# help choosing trigger and de-cocking systems on a P2000



## paine (Mar 2, 2007)

HI, I have been on this forum for awhile now and have had great advice on the Walther forum. 

Can anyone explain the different versions that the P2000 comes in?

On HK's site they really only have a list of what the offer and do not explain the specifics of the models.

P2000 
Innovative safety trigger with concealed cocking piece in the hammer and centrally arranged de-cocking lever for firing in the SA/DA mode.

P2000 V1
DA/SA

P2000 V2
LEM

P2000 V3
SA/DA with de-cocking.


I am looking into picking up a P2000 soon but I would like to get the one that I will like.
I don’t think I would want the LEM because of the lack of a decocker and safety.

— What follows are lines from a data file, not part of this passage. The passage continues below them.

lemma fps_power_nth_compositions:
  fixes P :: "'a::comm_ring_1 fps"
  assumes "P $ 0 = 0"
  shows "(P ^ k) $ n = (\<Sum>is\<in>compositions_of_length n k. prod_list (map (($) P) is))"
proof (induction k arbitrary: n)
  case 0
  then show ?case by (simp add: compositions_of_length_0)
next
  case (Suc k)
  have "(P ^ Suc k) $ n = (\<Sum>i=0..n. P $ i * (P ^ k) $ (n - i))"
    by (simp add: fps_mult_nth)
  also have "\<dots> = (\<Sum>i=1..n. P $ i * (P ^ k) $ (n - i))"
    using assms by (cases n) (simp_all add: sum.atLeast_Suc_atMost)
  also have "\<dots> = (\<Sum>i=1..n. \<Sum>is\<in>compositions_of_length (n - i) k. prod_list (map (($) P) (i # is)))"
    by (simp add: Suc.IH sum_distrib_left)
  also have "\<dots> = (\<Sum>(i, is)\<in>(SIGMA i:{1..n}. compositions_of_length (n - i) k).
                     prod_list (map (($) P) (i # is)))"
    by (rule sum.Sigma) (auto simp: finite_compositions_of_length)
  also have "\<dots> = (\<Sum>is\<in>compositions_of_length n (Suc k). prod_list (map (($) P) is))"
    unfolding compositions_of_length_Suc
    by (subst sum.reindex) (auto simp: inj_on_def intro!: sum.cong)
  finally show ?case .
qed

lemma compositions_eq_UN_compositions_of_length:
  "compositions n m = (\<Union>k\<in>{1..nat m}. compositions_of_length n k)"
  unfolding compositions_def compositions_of_length_def by (auto simp: le_nat_iff)

lemma sum_compositions_eq_sum_fps_power_nth:
  fixes P :: "'a::comm_ring_1 fps"
  assumes "P $ 0 = 0"
  shows "(\<Sum>is\<in>compositions n m. b (length is) * prod_list (map (($) P) is))
       = (\<Sum>k=1..nat m. b k * (P ^ k) $ n)"
proof -
  have "(\<Sum>is\<in>compositions n m. b (length is) * prod_list (map (($) P) is))
      = (\<Sum>k=1..nat m. \<Sum>is\<in>compositions_of_length n k. b (length is) * prod_list (map (($) P) is))"
    unfolding compositions_eq_UN_compositions_of_length
    by (rule sum.UNION_disjoint)
      (auto simp: finite_compositions_of_length, auto simp: compositions_of_length_def)
  also have "\<dots> = (\<Sum>k=1..nat m. b k * (P ^ k) $ n)"
    by (rule sum.cong) (auto simp: fps_power_nth_compositions[OF assms] sum_distrib_left
        compositions_of_length_def)
  finally show ?thesis .
qed

lemma riordan_entry_eq_nth:
  assumes "f $ 0 = 0"
  shows "riordan_entry g f (int n) (int k) = (g * f ^ k) $ n"
proof (cases "n < k")
  case True
  have "(g * f ^ k) $ n = (\<Sum>i=0..n. g $ i * (f ^ k) $ (n - i))"
    by (simp add: fps_mult_nth)
  also have "\<dots> = 0"
    using startsby_zero_power_prefix[OF assms, of k] True by (intro sum.neutral) auto
  finally show ?thesis
    using True by (simp add: riordan_entry_def)
qed (simp add: riordan_entry_def)

lemma fps_mult_nth_cong:
  fixes P Q R :: "'a::comm_ring_1 fps"
  assumes "\<And>m. m \<le> n \<Longrightarrow> Q $ m = R $ m"
  shows "(P * Q) $ n = (P * R) $ n"
  unfolding fps_mult_nth using assms by (intro sum.cong) auto

lemma fps_compose_nth_eq_partial_sum:
  fixes Q :: "'a::comm_ring_1 fps"
  assumes "Q $ 0 = 0" and "m \<le> n"
  shows "(Abs_fps b oo Q) $ m = (\<Sum>j\<le>n. fps_const (b j) * Q ^ j) $ m"
proof -
  have "(Abs_fps b oo Q) $ m = (\<Sum>j=0..m. b j * (Q ^ j) $ m)"
    by (simp add: fps_compose_nth)
  also have "\<dots> = (\<Sum>j\<le>n. b j * (Q ^ j) $ m)"
    using startsby_zero_power_prefix[OF assms(1)] assms(2)
    by (intro sum.mono_neutral_left) auto
  also have "\<dots> = (\<Sum>j\<le>n. fps_const (b j) * Q ^ j) $ m"
    by (simp add: fps_sum_nth)
  finally show ?thesis .
qed

lemma fps_mult_compose_nth:
  fixes Q :: "'a::comm_ring_1 fps"
  assumes "Q $ 0 = 0"
  shows "(P * (Abs_fps b oo Q)) $ n = (\<Sum>j\<le>n. b j * (P * Q ^ j) $ n)"
proof -
  have "(P * (Abs_fps b oo Q)) $ n = (P * (\<Sum>j\<le>n. fps_const (b j) * Q ^ j)) $ n"
    using fps_compose_nth_eq_partial_sum[OF assms] by (intro fps_mult_nth_cong) auto
  also have "\<dots> = (\<Sum>j\<le>n. b j * (P * Q ^ j) $ n)"
    unfolding sum_distrib_left fps_sum_nth by (simp add: mult.left_commute[of P])
  finally show ?thesis .
qed

lemma fps_eq_X_mult_iff:
  fixes P Q :: "'a::comm_ring_1 fps"
  shows "P = fps_X * Q \<longleftrightarrow> P $ 0 = 0 \<and> (\<forall>n. P $ Suc n = Q $ n)"
proof
  assume coeffs: "P $ 0 = 0 \<and> (\<forall>n. P $ Suc n = Q $ n)"
  show "P = fps_X * Q"
  proof (rule fps_ext)
    show "P $ n = (fps_X * Q) $ n" for n
      using coeffs by (cases n) simp_all
  qed
qed simp

lemma sum_riordan_entry_eq_nth_compose:
  fixes g f :: "'a::field fps"
  assumes f0: "f $ 0 = 0"
  shows "(\<Sum>j\<le>n. b j * riordan_entry g f (int n - int j) (int k + int j))
           = (g * f ^ k * (Abs_fps b oo (fps_X * f))) $ n"
proof -
  have "riordan_entry g f (int n - int j) (int k + int j) = (g * f ^ k * (fps_X * f) ^ j) $ n"
    if "j \<le> n" for j
  proof -
    have "riordan_entry g f (int n - int j) (int k + int j) = (g * f ^ (k + j)) $ (n - j)"
      using riordan_entry_eq_nth[OF f0, of g "n - j" "k + j"] that by (simp add: of_nat_diff)
    also have "\<dots> = (fps_X ^ j * (g * f ^ (k + j))) $ n"
      using that by (simp add: fps_X_power_mult_nth)
    also have "fps_X ^ j * (g * f ^ (k + j)) = g * f ^ k * (fps_X * f) ^ j"
      by (simp add: power_add power_mult_distrib mult_ac)
    finally show ?thesis .
  qed
  then have "(\<Sum>j\<le>n. b j * riordan_entry g f (int n - int j) (int k + int j))
               = (\<Sum>j\<le>n. b j * (g * f ^ k * (fps_X * f) ^ j) $ n)"
    by (intro sum.cong) auto
  also have "\<dots> = (g * f ^ k * (Abs_fps b oo (fps_X * f))) $ n"
    by (rule fps_mult_compose_nth[symmetric]) (simp add: f0)
  finally show ?thesis .
qed

lemma is_typeI_B_seq_iff_coeffs:
  fixes g f :: "'a::field fps" and b :: "nat \<Rightarrow> 'a"
  assumes f0: "f $ 0 = 0"
  defines "W \<equiv> Abs_fps b oo (fps_X * f)"
  shows "is_typeI_B_seq g f b \<longleftrightarrow>
           (\<forall>k n. (g * f ^ Suc k) $ Suc n = (g * f ^ k + g * f ^ Suc k * W) $ n)"
proof -
  have "is_typeI_B_seq g f b \<longleftrightarrow>
          (\<forall>k n. riordan_entry g f (int n + 1) (int (Suc k)) =
                   riordan_entry g f (int n) (int (Suc k) - 1)
                   + (\<Sum>j\<le>n. b j * riordan_entry g f (int n - int j) (int (Suc k) + int j)))"
  proof -
    have "(\<forall>n k::nat. 1 \<le> k \<longrightarrow> C n k) \<longleftrightarrow> (\<forall>k n. C n (Suc k))" for C
      by (auto simp: Suc_le_eq gr0_conv_Suc)
    then show ?thesis
      unfolding is_typeI_B_seq_def .
  qed
  also have "\<dots> \<longleftrightarrow> (\<forall>k n. (g * f ^ Suc k) $ Suc n = (g * f ^ k + g * f ^ Suc k * W) $ n)"
  proof -
    have "riordan_entry g f (int n + 1) (int (Suc k)) = (g * f ^ Suc k) $ Suc n"
      and "riordan_entry g f (int n) (int (Suc k) - 1) = (g * f ^ k) $ n" for n k
      using riordan_entry_eq_nth[OF f0, of g "Suc n" "Suc k"] riordan_entry_eq_nth[OF f0, of g n k]
      by (simp_all add: add.commute)
    then show ?thesis
      unfolding W_def sum_riordan_entry_eq_nth_compose[OF f0] fps_add_nth by simp
  qed
  finally show ?thesis .
qed

lemma is_typeI_B_seq_iff:
  fixes g f :: "'a::field fps"
  assumes "riordan g f"
  shows "is_typeI_B_seq g f b \<longleftrightarrow> f = fps_X * (1 + f * (Abs_fps b oo (fps_X * f)))"
proof -
  define W where "W = Abs_fps b oo (fps_X * f)"
  from assms have g0: "g $ 0 = 1" and f0: "f $ 0 = 0" and f1: "f $ 1 \<noteq> 0"
    by (auto simp: riordan_def)
  from g0 f1 have "g \<noteq> 0" "f \<noteq> 0"
    by auto
  have "is_typeI_B_seq g f b \<longleftrightarrow> (\<forall>k. g * f ^ Suc k = fps_X * (g * f ^ k + g * f ^ Suc k * W))"
    unfolding is_typeI_B_seq_iff_coeffs[OF f0] W_def fps_eq_X_mult_iff
    using f0 by (simp add: fps_mult_nth_0)
  also have "\<dots> \<longleftrightarrow> (\<forall>k. g * f ^ k * (f - fps_X * (1 + f * W)) = 0)"
    by (simp add: algebra_simps)
  also have "\<dots> \<longleftrightarrow> f = fps_X * (1 + f * W)"
    using \<open>g \<noteq> 0\<close> \<open>f \<noteq> 0\<close> by simp
  finally show ?thesis
    unfolding W_def .
qed

lemma is_A_series_nth_0: "is_A_series f A \<Longrightarrow> A $ 0 = f $ 1"
  unfolding is_A_series_def by (erule ssubst) simp

lemma is_A_series_X2_inverse_compose:
  fixes f A :: "'a::field fps"
  assumes A: "is_A_series f A" and f0: "f $ 0 = 0" and f1: "f $ 1 \<noteq> 0"
  shows "(fps_X ^ 2 * inverse A) oo f = fps_X * f"
proof -
  have fA: "f = fps_X * (A oo f)"
    using A by (simp add: is_A_series_def)
  have A0: "A $ 0 \<noteq> 0"
    using is_A_series_nth_0[OF A] f1 by simp
  have "(fps_X ^ 2 * inverse A) oo f = f * f * inverse (A oo f)"
    by (simp add: fps_compose_mult_distrib[OF f0] fps_compose_power[OF f0] f0
        fps_inverse_compose[OF f0 A0] power2_eq_square)
  also have "\<dots> = fps_X * f * ((A oo f) * inverse (A oo f))"
    by (subst (1) fA) (simp add: mult_ac)
  also have "\<dots> = fps_X * f"
    using A0 by (simp add: inverse_mult_eq_1')
  finally show ?thesis .
qed

lemma is_typeI_B_seq_iff_A_series:
  fixes g f A :: "'a::field fps"
  assumes R: "riordan g f" and A: "is_A_series f A"
  shows "is_typeI_B_seq g f b \<longleftrightarrow> A = 1 + fps_X * (Abs_fps b oo (fps_X ^ 2 * inverse A))"
proof -
  define D where "D = fps_X ^ 2 * inverse A"
  define W where "W = Abs_fps b oo (fps_X * f)"
  from R have f0: "f $ 0 = 0" and f1: "f $ 1 \<noteq> 0"
    by (auto simp: riordan_def)
  have "(Abs_fps b oo D) oo f = Abs_fps b oo (D oo f)"
    by (rule fps_compose_assoc[symmetric]) (simp_all add: f0 D_def fps_X_power_mult_nth)
  then have "(1 + fps_X * (Abs_fps b oo D)) oo f = 1 + f * W"
    unfolding W_def D_def is_A_series_X2_inverse_compose[OF A f0 f1]
    by (simp add: fps_compose_add_distrib fps_compose_mult_distrib[OF f0] f0)
  moreover have "is_typeI_B_seq g f b \<longleftrightarrow> fps_X * (A oo f) = fps_X * (1 + f * W)"
    using A unfolding is_typeI_B_seq_iff[OF R] W_def is_A_series_def by auto
  ultimately have "is_typeI_B_seq g f b \<longleftrightarrow> A oo f = (1 + fps_X * (Abs_fps b oo D)) oo f"
    by simp
  then show ?thesis
    unfolding D_def fps_compose_inj_right[OF f0 f1] .
qed

lemma fps_X2_mult_power_eq: "(fps_X ^ 2 * H) ^ k = fps_X ^ (2 * k) * (H :: 'a::comm_ring_1 fps) ^ k"
  by (simp add: power_mult_distrib power_mult)

lemma fps_X2_mult_power_nth_less:
  fixes H :: "'a::comm_ring_1 fps"
  shows "n < 2 * k \<Longrightarrow> ((fps_X ^ 2 * H) ^ k) $ n = 0"
  by (simp add: fps_X2_mult_power_eq fps_X_power_mult_nth)

lemma fps_X2_mult_power_nth_double:
  fixes H :: "'a::comm_ring_1 fps"
  shows "((fps_X ^ 2 * H) ^ k) $ (2 * k) = (H $ 0) ^ k"
  by (simp add: fps_X2_mult_power_eq fps_X_power_mult_nth fps_nth_power_0)

lemma fps_compose_X2_mult_nth:
  fixes H :: "'a::comm_ring_1 fps"
  assumes "0 < n"
  shows "(Abs_fps b oo (fps_X ^ 2 * H)) $ n = (\<Sum>k=1..n div 2. b k * ((fps_X ^ 2 * H) ^ k) $ n)"
proof -
  have "(Abs_fps b oo (fps_X ^ 2 * H)) $ n = (\<Sum>k=0..n. b k * ((fps_X ^ 2 * H) ^ k) $ n)"
    by (simp add: fps_compose_nth)
  also have "\<dots> = (\<Sum>k=1..n div 2. b k * ((fps_X ^ 2 * H) ^ k) $ n)"
    using assms by (intro sum.mono_neutral_right) (auto simp: fps_X2_mult_power_nth_less Suc_le_eq)
  finally show ?thesis .
qed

I don’t think any of the P2000 have a external safety do they? From what I can tell the P2000 decocker works by manually releasing the external hammer correct? How do you decock it if does not have the spur on the decocker? What kind of safety does the P2000 offer?



Thanks for any info you can give me.


-Chris.


----------



## ruckus3008 (Aug 4, 2006)

V1 is LEM with a 5# trigger
V2 is LEM with a 8# trigger

From what I understand is only V2 and V3 are available in the US.


----------



## paine (Mar 2, 2007)

Thanks for the info. I am still unsure which gun would be the best for me, but I did end up finding what I think I would like on gunbroker.com. here is a link, tell me what you think.....http://gunbroker.com/Auction/ViewItem.asp?Item=70482959

I have been calling around to different dealers and have come to find out that this model gun is somewhat hard to come by. Any recommendations? thanks again.


----------



## toopercentmlk (Apr 25, 2007)

I like the p2k, Im considering getting one but not before my kimber 1911. The decocker sa/da model looks to be the one Id perfer.


----------



## falshman70 (Jul 13, 2006)

I have the P2000 in v3. It is mostly for carry, but a lot of fun at the range also. The LEM is simply a long 8# DA pull on every shot - although the trigger reset on subsequent shots is much shorter when you get used to the gun. I have seen the v2 and the decocker is on the back of the frame. I have the USPc in .45 and it is DA/SA with a decocker/safety. So you can chamber a round, engage the safety and carry cocked and locked or decock after chambering a round and the first shot will be DA. (For the extremely insecure, I guess you coulld carry it decocked and safe.) Having carried the P2000 v3 prior to getting the USPc I prefer to carry decocked, DA mode.

There really isn't much need for a safety in a DA/SA gun, IMO.


----------



## paine (Mar 2, 2007)

thanks for all the info everyone, I think I am going to get the one with the decocker. This one does seem slightly more difficult to find though.


----------